I have a lossy compressor product (SPERR: https://github.com/shaomeng/SPERR) that I'm looking at paths to integrate into the Zarr format. I haven't spent too much time on it, but my understanding is that I need to make it a Zarr filter. Our immediate application of it, an ASD run of MURam, has decided to use NCZarr to output Zarr files, so the question arises that if Zarr filters are supported by NCZarr.

I guess the most direct question to @DennisHeimbigner as the NCZarr developer is, what approach do you recommend to integrate a lossy compressor to an NCZarr output?

DennisHeimbigner commented 2 years ago

If the compressor is (or easily could be) written in python, then see the NumCodecs web page. If the compressor is in C or C++, and you decide to use netcdf-c NCZarr, then you need to build an HDF5 compressor wrapper plus the corresponding codecs API. I have attached the relevant documentation. If this compressor is similar to some existing compressor such as bzip2 or zstandard, then you can copy and modify the corresponding wrapper in netcdf-c/plugins directory -- H5Zzstd.c, for example. filters.md

shaomeng commented 2 years ago

That's super helpful, thanks for the pointer! One more question: can the compression-enabled NCZarr output read by zarr tools in the python ecosystem?

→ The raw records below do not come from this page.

(* Let $V$ be a real vector space, let $F$ be a geometric mean closed, semiprime $f$-algebra, let $T\colon V\times V\to F$ be a vector semi-inner product, and let $u\in F^+$. Define $\|x\|^T_u:=T(x,x)\boxtimes u$ for $x\in V$. Then for all $x,y\in V$, \[ (\|x+y\|^T_u)^2\le(\|x\|^T_u+\|y\|^T_u)^2-\inf_{\lambda\in\mathbb{R}\setminus\{0\}}\{|\lambda|^{-1}(\|\lambda x-y\|^T_u)^2\}\le(\|x\|^T_u+\|y\|^T_u)^2 \] (where the infimum exists in $F$). Moreover, the equality \[ (\|x+y\|^T_u)^2=(\|x\|^T_u+\|y\|^T_u)^2-\inf_{\lambda\in\mathbb{R}\setminus\{0\}}\{|\lambda|^{-1}(\|\lambda x-y\|^T_u)^2\} \] holds if and only if $T(x,y)u\in F^+$.
   Context: All vector spaces are over $\mathbb{R}$ and all vector lattices are Archimedean; $F^+=\{x\in F:x\ge0\}$. An $f$-algebra is a vector lattice $F$ with an associative bilinear multiplication (written by juxtaposition, $a^2=aa$) such that $xy\in F^+$ for $x,y\in F^+$, and $\inf\{x,y\}=0$ implies $\inf\{xz,y\}=\inf\{x,yz\}=0$ for all $z\in F^+$. It is semiprime if it has no nonzero nilpotent elements. A vector lattice $F$ is geometric mean closed if $\inf\{\theta u+\theta^{-1}v:\theta\in(0,\infty)\}$ exists in $F$ for all $u,v\in F^+$, and then $u\boxtimes v:=2^{-1}\inf\{\theta u+\theta^{-1}v:\theta\in(0,\infty)\}$. A map $T\colon V\times V\to F$ is a vector semi-inner product if it is bilinear, symmetric ($T(x,y)=T(y,x)$), and satisfies $T(x,x)\ge 0$ for all $x\in V$. *)

theory Defs
  imports "HOL-Analysis.Analysis"
begin

text \<open>Vector lattices are modelled by the sort {ordered_real_vector, lattice}
  (order compatible with the real vector space structure, plus binary inf/sup);
  the multiplication is the ring multiplication of real_algebra
  (associative and bilinear, no unit, no commutativity assumed).\<close>

definition archimedean_vl :: "'f::{ordered_real_vector, lattice} itself \<Rightarrow> bool" where
  "archimedean_vl _ \<longleftrightarrow>
     (\<forall>x y::'f. 0 \<le> x \<longrightarrow> (\<forall>n::nat. real n *\<^sub>R x \<le> y) \<longrightarrow> x = 0)"

definition f_algebra :: "'f::{real_algebra, ordered_real_vector, lattice} itself \<Rightarrow> bool" where
  "f_algebra TYPE('f) \<longleftrightarrow>
     archimedean_vl TYPE('f) \<and>
     (\<forall>x y::'f. 0 \<le> x \<longrightarrow> 0 \<le> y \<longrightarrow> 0 \<le> x * y) \<and>
     (\<forall>x y z::'f. inf x y = 0 \<longrightarrow> 0 \<le> z \<longrightarrow> inf (x * z) y = 0 \<and> inf x (y * z) = 0)"

fun mpow :: "'f::times \<Rightarrow> nat \<Rightarrow> 'f" where
  "mpow x 0 = x"
| "mpow x (Suc n) = x * mpow x n"
(* mpow x n = x^(n+1) *)

definition semiprime :: "'f::{real_algebra, ordered_real_vector, lattice} itself \<Rightarrow> bool" where
  "semiprime TYPE('f) \<longleftrightarrow> (\<forall>(x::'f) n. mpow x n = 0 \<longrightarrow> x = 0)"

definition is_glb :: "'a::order set \<Rightarrow> 'a \<Rightarrow> bool" where
  "is_glb S a \<longleftrightarrow> (\<forall>s\<in>S. a \<le> s) \<and> (\<forall>b. (\<forall>s\<in>S. b \<le> s) \<longrightarrow> b \<le> a)"

definition gm_set :: "'f::ordered_real_vector \<Rightarrow> 'f \<Rightarrow> 'f set" where
  "gm_set u v = {\<theta> *\<^sub>R u + inverse \<theta> *\<^sub>R v | \<theta>::real. 0 < \<theta>}"

definition geometric_mean_closed :: "'f::{ordered_real_vector, lattice} itself \<Rightarrow> bool" where
  "geometric_mean_closed TYPE('f) \<longleftrightarrow>
     (\<forall>u v::'f. 0 \<le> u \<longrightarrow> 0 \<le> v \<longrightarrow> (\<exists>a. is_glb (gm_set u v) a))"

definition gmean :: "'f::ordered_real_vector \<Rightarrow> 'f \<Rightarrow> 'f" (infixl "\<boxtimes>" 70) where
  "u \<boxtimes> v = (1/2) *\<^sub>R (THE a. is_glb (gm_set u v) a)"

definition vector_semi_inner :: "('v::real_vector \<Rightarrow> 'v \<Rightarrow> 'f::{real_algebra, ordered_real_vector}) \<Rightarrow> bool" where
  "vector_semi_inner T \<longleftrightarrow> bilinear T \<and> (\<forall>x y. T x y = T y x) \<and> (\<forall>x. 0 \<le> T x x)"

definition Tnorm :: "('v \<Rightarrow> 'v \<Rightarrow> 'f::ordered_real_vector) \<Rightarrow> 'f \<Rightarrow> 'v \<Rightarrow> 'f" where
  "Tnorm T u x = T x x \<boxtimes> u"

On Fri, Apr 8, 2022, 3:56 PM Dennis Heimbigner @.***> wrote:

If the compressor is (or easily could be) written in python, then see the NumCodecs web page. If the compressor is in C or C++, and you decide to use netcdf-c NCZarr, then you need to build an HDF5 compressor wrapper plus the corresponding codecs API. I have attached the relevant documentation. If this compressor is similar to some existing compressor such as bzip2 or zstandard, then you can copy and modify the corresponding wrapper in netcdf-c/plugins directory -- H5Zzstd.c, for example. filters.md https://github.com/zarr-developers/zarr-specs/files/8455495/filters.md

— Reply to this email directly, view it on GitHub https://github.com/zarr-developers/zarr-specs/issues/41#issuecomment-1093392829, or unsubscribe https://github.com/notifications/unsubscribe-auth/AAGG6JNSZGN6IUUZAPCW6ODVECTQTANCNFSM4H5L7P7A . You are receiving this because you commented.Message ID: @.***>

DennisHeimbigner commented 2 years ago

Yes, IF the filters are available in NumCodecs.

halehawk commented 2 years ago

Does it mean the compressor would be better to be integrated in numcodecs if it wants to be used by nczarr and zarr/xarray?

Haiying

Sent from my iPhone

On Apr 8, 2022, at 5:03 PM, Dennis Heimbigner @.***> wrote:

 Yes, IF the filters are available in NumCodecs.

— Reply to this email directly, view it on GitHub, or unsubscribe. You are receiving this because you were mentioned.

DennisHeimbigner commented 2 years ago

Sorry, I wasn't clear. Suppose you use nczarr to write a Zarr file where some of its arrays apply a filter. Then you can obviously read that file with nczarr. However, suppose you write the array with nczarr and then want others to read it using python-zarr. In that case, you will need to create a NumCodecs compatible version of your filter written in python so that the python-zarr users can read the data written by nczarr.

shaomeng commented 2 years ago

Hi @DennisHeimbigner , there is some confusion our team has and we would love to know if you can comment on it.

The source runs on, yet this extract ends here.